→ **Stored data**
-----

lemma join_graph_eigenvector:
  assumes A: "A \<subseteq> {..<n}" "w < n" "w \<notin> A" and card: "card A = \<tau> - 1" and \<tau>: "2 \<le> \<tau>" "\<tau> < n"
    and eqs: "join_eigen_equations \<alpha> n \<tau> lam p q" and u: "u < n"
  shows "(\<Sum>j<n. A_alpha \<alpha> n (join_graph n A w) $$ (u, j) * join_vector A w p q j)
    = lam * join_vector A w p q u"
proof -
  let ?x = "join_vector A w p q"
  note row = A_alpha_row[OF u, of \<alpha> "join_graph n A w" ?x, unfolded degree_eq_card_neighbours
      neighbours_join_graph[OF A(1,3) u]]
  note sums = sum_join_vector_neighbours[OF A card \<tau> u]
  consider (clique) "u \<in> A" | (pendant) "u = w" | (rest) "u \<notin> A" "u \<noteq> w" by blast
  then show ?thesis
  proof cases
    case clique
    moreover have "real (card ({..<n} - {u})) = real n - 1" using u by (simp add: of_nat_diff)
    ultimately show ?thesis
      using row sums(1) eqs unfolding join_eigen_equations_def by (simp add: join_vector_def)
  next
    case pendant
    moreover have "(\<Sum>j\<in>A. ?x j) = real \<tau> - 1" "real (card A) = real \<tau> - 1"
      using card \<tau> by (simp_all add: join_vector_def of_nat_diff)
    ultimately show ?thesis
      using row A(3) eqs unfolding join_eigen_equations_def by (simp add: join_vector_def)
  next
    case rest
    moreover have "real (card ({..<n} - {u, w})) = real n - 2"
      using rest A(2) u by (simp add: card_Diff_subset of_nat_diff)
    ultimately show ?thesis
      using row sums(2) eqs unfolding join_eigen_equations_def by (simp add: join_vector_def)
  qed
qed

lemma join_graph_extremal_shape:
  assumes "2 \<le> \<tau>" "\<tau> < n"
  shows "{..<\<tau> - 1} \<subseteq> {..<n}" "n - 1 < n" "n - 1 \<notin> {..<\<tau> - 1}" "card {..<\<tau> - 1} = \<tau> - 1"
  using assms by auto

lemma rho_alpha_extremal_graph_ge:
  assumes "2 \<le> \<tau>" "\<tau> < n" "join_eigen_equations \<alpha> n \<tau> lam p q"
  shows "lam \<le> rho_alpha \<alpha> n (extremal_graph \<tau> n)"
proof -
  let ?x = "join_vector {..<\<tau> - 1} (n - 1) p q"
  note eigvec = join_graph_eigenvector[OF join_graph_extremal_shape[OF assms(1,2)] assms]
  have "?x 0 \<noteq> 0" using assms(1) by (simp add: join_vector_def)
  hence "\<exists>i<n. ?x i \<noteq> 0" using assms(2) by (intro exI[of _ 0]) auto
  hence "eigenvalue (A_alpha \<alpha> n (join_graph n {..<\<tau> - 1} (n - 1))) lam"
    unfolding eigenvalue_iff_sum[OF A_alpha_carrier] using eigvec by (intro exI[of _ ?x]) auto
  thus ?thesis unfolding extremal_graph_eq_join_graph by (rule eigenvalue_le_rho_alpha)
qed

lemma rho_alpha_less_of_spanning_subgraph:
  assumes E: "graph n E" "connected_graph n E" and H: "graph n H" and \<alpha>: "0 \<le> \<alpha>" "\<alpha> < 1"
    and sub: "\<And>i j. E i j \<Longrightarrow> H i j"
    and x: "\<And>i. i < n \<Longrightarrow> 0 < x i"
    and eig: "\<And>i. i < n \<Longrightarrow> (\<Sum>j<n. A_alpha \<alpha> n H $$ (i, j) * x j) = lam * x i"
  shows "rho_alpha \<alpha> n E < lam \<or> E = H"
proof (rule disjCI)
  assume "E \<noteq> H"
  then obtain k b where "H k b" "\<not> E k b" using sub by blast
  hence k: "k < n" "b \<in> neighbours n H k" "b \<notin> neighbours n E k"
    using H unfolding graph_def neighbours_def by auto
  have x_nonneg: "0 \<le> x i" if "i < n" for i using x[OF that] by simp
  have nb: "neighbours n E u \<subseteq> neighbours n H u" "neighbours n H u \<subseteq> {..<n}" for u
    using sub unfolding neighbours_def by auto
  have row_H: "\<alpha> * real (card (neighbours n H u)) * x u + (1 - \<alpha>) * (\<Sum>j\<in>neighbours n H u. x j)
      = lam * x u" if "u < n" for u
    using eig[OF that] unfolding A_alpha_row[OF that] degree_eq_card_neighbours .
  have "(\<Sum>j<n. A_alpha \<alpha> n E $$ (i, j) * x j) \<le> lam * x i" if "i < n" for i
    using A_alpha_row_le[where x = x, OF that nb \<alpha>(1) less_imp_le[OF \<alpha>(2)] x_nonneg] row_H[OF that]
    by simp
  moreover have "(\<Sum>j<n. A_alpha \<alpha> n E $$ (k, j) * x j) < lam * x k"
    using A_alpha_row_less[where x = x, OF k(1) nb \<alpha> x k(2,3)] row_H[OF k(1)] by simp
  ultimately show "rho_alpha \<alpha> n E < lam"
    by (intro rho_alpha_less[where x = x, OF E \<alpha> x _ k(1)])
qed

lemma extremal_or_rho_alpha_less_of_low_degree:
  assumes E: "graph n E" "connected_graph n E" and \<tau>: "2 \<le> \<tau>" "\<tau> < n" and \<alpha>: "0 \<le> \<alpha>" "\<alpha> < 1"
    and w: "w < n" "degree n E w < \<tau>"
    and pq: "0 < p" "0 < q" and eqs: "join_eigen_equations \<alpha> n \<tau> lam p q"
  shows "graph_iso n E (extremal_graph \<tau> n) \<or> rho_alpha \<alpha> n E < lam"
proof -
  have "degree n E w \<le> \<tau> - 1" "\<tau> - 1 < n" using w(2) \<tau> by auto
  then obtain A where A: "A \<subseteq> {..<n} - {w}" "card A = \<tau> - 1"
    and sub: "\<forall>i j. E i j \<longrightarrow> join_graph n A w i j"
    using subgraph_join_graph_of_degree_le[OF E(1) w(1)] by blast
  have A': "A \<subseteq> {..<n}" "w \<notin> A" using A by auto
  have "rho_alpha \<alpha> n E < lam \<or> E = join_graph n A w"
  proof (rule rho_alpha_less_of_spanning_subgraph[OF E graph_join_graph \<alpha>])
    show "join_graph n A w i j" if "E i j" for i j using sub that by blast
    show "0 < join_vector A w p q i" for i using pq by (simp add: join_vector_def)
    show "(\<Sum>j<n. A_alpha \<alpha> n (join_graph n A w) $$ (i, j) * join_vector A w p q j)
        = lam * join_vector A w p q i" if "i < n" for i
      using join_graph_eigenvector[OF A'(1) w(1) A'(2) A(2) \<tau> eqs that] .
  qed
  moreover have "graph_iso n (join_graph n A w) (extremal_graph \<tau> n)"
    unfolding extremal_graph_eq_join_graph using join_graph_extremal_shape[OF \<tau>] A(2)
    by (intro join_graph_iso[OF A'(1) w(1) A'(2)]) simp_all
  ultimately show ?thesis by blast
qed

-----

→ **DIRECTIONS FOR THIS TASK**
Using the data above, repeat exactly the lines that begin at the line with "x j) < lam *" and end at the line with "A w) (extremal_graph", both ends included.

→ **RESULT OF THE TASK**
  moreover have "(\<Sum>j<n. A_alpha \<alpha> n E $$ (k, j) * x j) < lam * x k"
    using A_alpha_row_less[where x = x, OF k(1) nb \<alpha> x k(2,3)] row_H[OF k(1)] by simp
  ultimately show "rho_alpha \<alpha> n E < lam"
    by (intro rho_alpha_less[where x = x, OF E \<alpha> x _ k(1)])
qed

lemma extremal_or_rho_alpha_less_of_low_degree:
  assumes E: "graph n E" "connected_graph n E" and \<tau>: "2 \<le> \<tau>" "\<tau> < n" and \<alpha>: "0 \<le> \<alpha>" "\<alpha> < 1"
    and w: "w < n" "degree n E w < \<tau>"
    and pq: "0 < p" "0 < q" and eqs: "join_eigen_equations \<alpha> n \<tau> lam p q"
  shows "graph_iso n E (extremal_graph \<tau> n) \<or> rho_alpha \<alpha> n E < lam"
proof -
  have "degree n E w \<le> \<tau> - 1" "\<tau> - 1 < n" using w(2) \<tau> by auto
  then obtain A where A: "A \<subseteq> {..<n} - {w}" "card A = \<tau> - 1"
    and sub: "\<forall>i j. E i j \<longrightarrow> join_graph n A w i j"
    using subgraph_join_graph_of_degree_le[OF E(1) w(1)] by blast
  have A': "A \<subseteq> {..<n}" "w \<notin> A" using A by auto
  have "rho_alpha \<alpha> n E < lam \<or> E = join_graph n A w"
  proof (rule rho_alpha_less_of_spanning_subgraph[OF E graph_join_graph \<alpha>])
    show "join_graph n A w i j" if "E i j" for i j using sub that by blast
    show "0 < join_vector A w p q i" for i using pq by (simp add: join_vector_def)
    show "(\<Sum>j<n. A_alpha \<alpha> n (join_graph n A w) $$ (i, j) * join_vector A w p q j)
        = lam * join_vector A w p q i" if "i < n" for i
      using join_graph_eigenvector[OF A'(1) w(1) A'(2) A(2) \<tau> eqs that] .
  qed
  moreover have "graph_iso n (join_graph n A w) (extremal_graph \<tau> n)"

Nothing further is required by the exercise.